I would wait until spring. That will also give you more time to read up on your removal. Steer clear of someone trying to talk you into doing something that is not generally weather conducive. If you try to remove them this time of year and are unsuccessful transferring the queen, the colony not be able to rear and successfully mate a new queen.


----------



## KennyB (Apr 22, 2016)

That is what I told them was to wait till spring. I removed a swarm from under their neighbors mobile home this summer. They are sending me pictures of the location of the bees. They said when it rains it is washing honey out of the hive. So if need be should I try to protect their hive at the current location till I can move them this spring?


----------



## whiskers (Aug 28, 2011)

If the bees are actually in the walls, soffits, or whatever and water is getting in to wash honey out, then the leak is their big problem and needs immediate attention. A tarp for, example, could be put in place without disturbing the bees too much. The bees can wait.


----------



## KennyB (Apr 22, 2016)

whiskers said:


> If the bees are actually in the walls, soffits, or whatever and water is getting in to wash honey out, then the leak is their big problem and needs immediate attention. A tarp for, example, could be put in place without disturbing the bees too much. The bees can wait.

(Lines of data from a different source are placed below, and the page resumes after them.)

(* The cartesian product induces an injective ring homomorphism $$\mathrm{B}(\mathbb{Z})\otimes\mathrm{B}(\mathcal{Q})\longrightarrow\mathrm{B}(\mathcal{R}),\qquad [(X,\pi)]\otimes b(Q)\longmapsto b((X,\pi)\times Q),$$ where $(X,\pi)$ is regarded as a permutation rack.
   Context: A rack is a set $R$ with a binary operation $\rhd$ such that every left multiplication $\ell_a\colon b\mapsto a\rhd b$ is a bijection and $a\rhd(b\rhd c)=(a\rhd b)\rhd(a\rhd c)$ for all $a,b,c$; a quandle is a rack with $a\rhd a=a$ for all $a$. A permutation rack $(X,\pi)$ is a set $X$ with permutation $\pi$ and $a\rhd b=\pi(b)$. Products of racks are cartesian products with componentwise operation. A subrack is a subset $S$ with $\ell_s(S)=S$ for all $s\in S$; a decomposition of $R$ into $S$ and $T$ means $S,T$ are disjoint subracks (possibly empty) with $S\cup T=R$. The Burnside ring of finite racks $\mathrm{B}(\mathcal{R})$ is the abelian group generated by symbols $b(R)$, one for each finite rack $R$, subject to $b(R_1)=b(R_2)$ whenever $R_1\cong R_2$ and $b(R)=b(S)+b(T)$ whenever $R$ decomposes into $S$ and $T$, with ring structure $b(R)b(R')=b(R\times R')$; the Burnside ring of finite quandles $\mathrm{B}(\mathcal{Q})$ is defined in the same way using finite quandles. $\mathrm{B}(\mathbb{Z})$ is the Grothendieck ring of isomorphism classes of pairs $(X,\pi)$, $X$ a finite set and $\pi$ a permutation of $X$, with addition from disjoint union and multiplication from cartesian product. *)

theory Defs
  imports Main "HOL-Library.Nat_Bijection"
begin

text \<open>Finite racks / quandles are represented with carrier a subset of nat
  (every finite rack is isomorphic to one of these); the operation is a function
  on nat whose values outside the carrier are irrelevant (they are identified by
  the isomorphism relations).  Finite Z-sets (X,pi) likewise.\<close>

type_synonym rk = "nat set \<times> (nat \<Rightarrow> nat \<Rightarrow> nat)"
type_synonym zs = "nat set \<times> (nat \<Rightarrow> nat)"

definition is_rack :: "rk \<Rightarrow> bool" where
  "is_rack R \<longleftrightarrow>
     (\<forall>a\<in>fst R. bij_betw (snd R a) (fst R) (fst R)) \<and>
     (\<forall>a\<in>fst R. \<forall>b\<in>fst R. \<forall>c\<in>fst R.
        snd R a (snd R b c) = snd R (snd R a b) (snd R a c))"

definition is_quandle :: "rk \<Rightarrow> bool" where
  "is_quandle R \<longleftrightarrow> is_rack R \<and> (\<forall>a\<in>fst R. snd R a a = a)"

definition finite_rack :: "rk \<Rightarrow> bool" where
  "finite_rack R \<longleftrightarrow> is_rack R \<and> finite (fst R)"

definition finite_quandle :: "rk \<Rightarrow> bool" where
  "finite_quandle R \<longleftrightarrow> is_quandle R \<and> finite (fst R)"

definition rack_iso :: "rk \<Rightarrow> rk \<Rightarrow> bool" where
  "rack_iso R R' \<longleftrightarrow> (\<exists>f. bij_betw f (fst R) (fst R') \<and>
     (\<forall>a\<in>fst R. \<forall>b\<in>fst R. f (snd R a b) = snd R' (f a) (f b)))"

definition is_subrack :: "nat set \<Rightarrow> rk \<Rightarrow> bool" where
  "is_subrack S R \<longleftrightarrow> S \<subseteq> fst R \<and> (\<forall>s\<in>S. snd R s ` S = S)"

definition rack_decomp :: "rk \<Rightarrow> nat set \<Rightarrow> nat set \<Rightarrow> bool" where
  "rack_decomp R S T \<longleftrightarrow> is_subrack S R \<and> is_subrack T R \<and> S \<inter> T = {} \<and> S \<union> T = fst R"

definition is_zset :: "zs \<Rightarrow> bool" where
  "is_zset X \<longleftrightarrow> finite (fst X) \<and> bij_betw (snd X) (fst X) (fst X)"

definition zset_iso :: "zs \<Rightarrow> zs \<Rightarrow> bool" where
  "zset_iso X Y \<longleftrightarrow> (\<exists>f. bij_betw f (fst X) (fst Y) \<and>
     (\<forall>a\<in>fst X. f (snd X a) = snd Y (f a)))"

definition zset_decomp :: "zs \<Rightarrow> nat set \<Rightarrow> nat set \<Rightarrow> bool" where
  "zset_decomp X S T \<longleftrightarrow> snd X ` S = S \<and> snd X ` T = T \<and> S \<inter> T = {} \<and> S \<union> T = fst X"

text \<open>Formal Z-linear combinations (finitely supported functions to int).\<close>

definition gen :: "'a \<Rightarrow> 'a \<Rightarrow> int" where
  "gen x = (\<lambda>y. if y = x then 1 else 0)"

definition FS :: "'a set \<Rightarrow> ('a \<Rightarrow> int) set" where
  "FS G = {c. finite {x. c x \<noteq> 0} \<and> (\<forall>x. c x \<noteq> 0 \<longrightarrow> x \<in> G)}"

inductive_set zspan :: "('a \<Rightarrow> int) set \<Rightarrow> ('a \<Rightarrow> int) set" for R where
  zero: "(\<lambda>_. 0) \<in> zspan R"
| step: "r \<in> R \<Longrightarrow> c \<in> zspan R \<Longrightarrow> (\<lambda>x. c x + k * r x) \<in> zspan R"

definition linext :: "('a \<Rightarrow> 'b) \<Rightarrow> ('a \<Rightarrow> int) \<Rightarrow> 'b \<Rightarrow> int" where
  "linext \<phi> c = (\<lambda>y. \<Sum>x | c x \<noteq> 0 \<and> \<phi> x = y. c x)"

definition conv :: "('a \<Rightarrow> 'a \<Rightarrow> 'a) \<Rightarrow> ('a \<Rightarrow> int) \<Rightarrow> ('a \<Rightarrow> int) \<Rightarrow> 'a \<Rightarrow> int" where
  "conv m f g = linext (\<lambda>(a, b). m a b) (\<lambda>(a, b). f a * g b)"

text \<open>Defining relations of B(R), B(Q), B(Z).\<close>

definition rack_rels :: "(rk \<Rightarrow> int) set" where
  "rack_rels =
     {(\<lambda>x. gen R1 x - gen R2 x) | R1 R2. finite_rack R1 \<and> finite_rack R2 \<and> rack_iso R1 R2}
   \<union> {(\<lambda>x. gen R x - gen (S, snd R) x - gen (T, snd R) x) | R S T.
        finite_rack R \<and> rack_decomp R S T}"

definition quandle_rels :: "(rk \<Rightarrow> int) set" where
  "quandle_rels =
     {(\<lambda>x. gen R1 x - gen R2 x) | R1 R2. finite_quandle R1 \<and> finite_quandle R2 \<and> rack_iso R1 R2}
   \<union> {(\<lambda>x. gen R x - gen (S, snd R) x - gen (T, snd R) x) | R S T.
        finite_quandle R \<and> rack_decomp R S T}"

definition zset_rels :: "(zs \<Rightarrow> int) set" where
  "zset_rels =
     {(\<lambda>x. gen X1 x - gen X2 x) | X1 X2. is_zset X1 \<and> is_zset X2 \<and> zset_iso X1 X2}
   \<union> {(\<lambda>x. gen X x - gen (S, snd X) x - gen (T, snd X) x) | X S T.
        is_zset X \<and> zset_decomp X S T}"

Thanks for the reply that is what I told them.

Thank You
Kenny


----------



## mike17l (Jun 22, 2012)

The weather is going to warm up next week. No reason you can't knock it out then. The bees in Texas are more likely to stay in the new equipment when removed and relocated in the winter. They have no other options. In the spring, they can very likely abscond. I try to keep winter removals to days above 50. But they have much greater success.


----------



## fieldsofnaturalhoney (Feb 29, 2012)

KennyB.,Have you seen the pictures to asses the situation? When you write, they want you to come and get them, does that mean they want you to work for free?


----------



## KennyB (Apr 22, 2016)

I haven't heard anything back from them. They never sent the pictures.


----------



## Gypsi (Mar 27, 2011)

everyone wants a free removal. Sometimes they have already tried to get rid of the bees by spraying them. 

I would strongly caution them against spray if they contact you again, and you should realize that a removal can sometimes take a really long time and that unless they are the direst charity case whatever you charge is going to be a lot less than an exterminator would charge for the same bees.


----------